(* Let $p\ge 2$ be an integer and $0<\varphi<2\pi/p$. In the Poincaré disc model of the hyperbolic plane consider the ideal points $v_m=e^{2\pi i m/p}$ and $w_m=e^{i(\varphi+2\pi m/p)}$, $m\in\mathbb Z$ (indices mod $p$). Choose horocycles based at all these points so that the family of horocycles is invariant under the rotation $z\mapsto e^{2\pi i/p}z$ (i.e. the horocycle at $v_{m+1}$ is the rotated horocycle at $v_m$, and likewise for the $w_m$). Let $c=\lambda(v_0,v_1)$, $c'=\lambda(w_0,w_1)$, $a=\lambda(v_0,w_0)$ and $b=\lambda(w_0,v_1)$. Then $$cc'=a^2+2\cos(\pi/p)\,ab+b^2.$$
   Context: For two distinct ideal points $x,y$ with chosen horocycles $h_x,h_y$, the $\lambda$-length is $\lambda(x,y)=e^{\ell/2}$, where $\ell$ is the signed hyperbolic length of the segment of the geodesic joining $x$ and $y$ that lies between $h_x$ and $h_y$ ($\ell$ is negative when the horocycles overlap). Geometrically, $v_0,\dots,v_{p-1}$ are the vertices of an ideal equilateral $p$-gon centered at a $\mathbb Z_p$-orbifold point, with ideal triangles $v_m w_m v_{m+1}$ attached to its sides; $c$ and $c'$ are the $\lambda$-lengths of a side before and after the flip. *)

theory Defs
  imports Complex_Main
begin

text \<open>Poincare disc model (curvature -1). Ideal points are the points of the unit circle.\<close>

definition hdist :: "complex \<Rightarrow> complex \<Rightarrow> real" where
  "hdist z w = arcosh (1 + 2 * (cmod (z - w))^2 / ((1 - (cmod z)^2) * (1 - (cmod w)^2)))"

text \<open>A horocycle based at the ideal point \<open>\<xi>\<close> is a Euclidean circle inside the disc
  internally tangent to the unit circle at \<open>\<xi>\<close>; it is determined by its Euclidean radius
  \<open>r \<in> (0,1)\<close>: centre \<open>(1-r)\<xi>\<close>, radius \<open>r\<close>.\<close>
definition horocycle :: "complex \<Rightarrow> real \<Rightarrow> complex set" where
  "horocycle \<xi> r = {z. cmod (z - of_real (1 - r) * \<xi>) = r} - {\<xi>}"

definition horoball :: "complex \<Rightarrow> real \<Rightarrow> complex set" where
  "horoball \<xi> r = {z. cmod (z - of_real (1 - r) * \<xi>) < r}"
##########
* What to work on *
Please copy out every line in the listing that has the string "Euclidean".

* Answer section *
text \<open>A horocycle based at the ideal point \<open>\<xi>\<close> is a Euclidean circle inside the disc
  internally tangent to the unit circle at \<open>\<xi>\<close>; it is determined by its Euclidean radius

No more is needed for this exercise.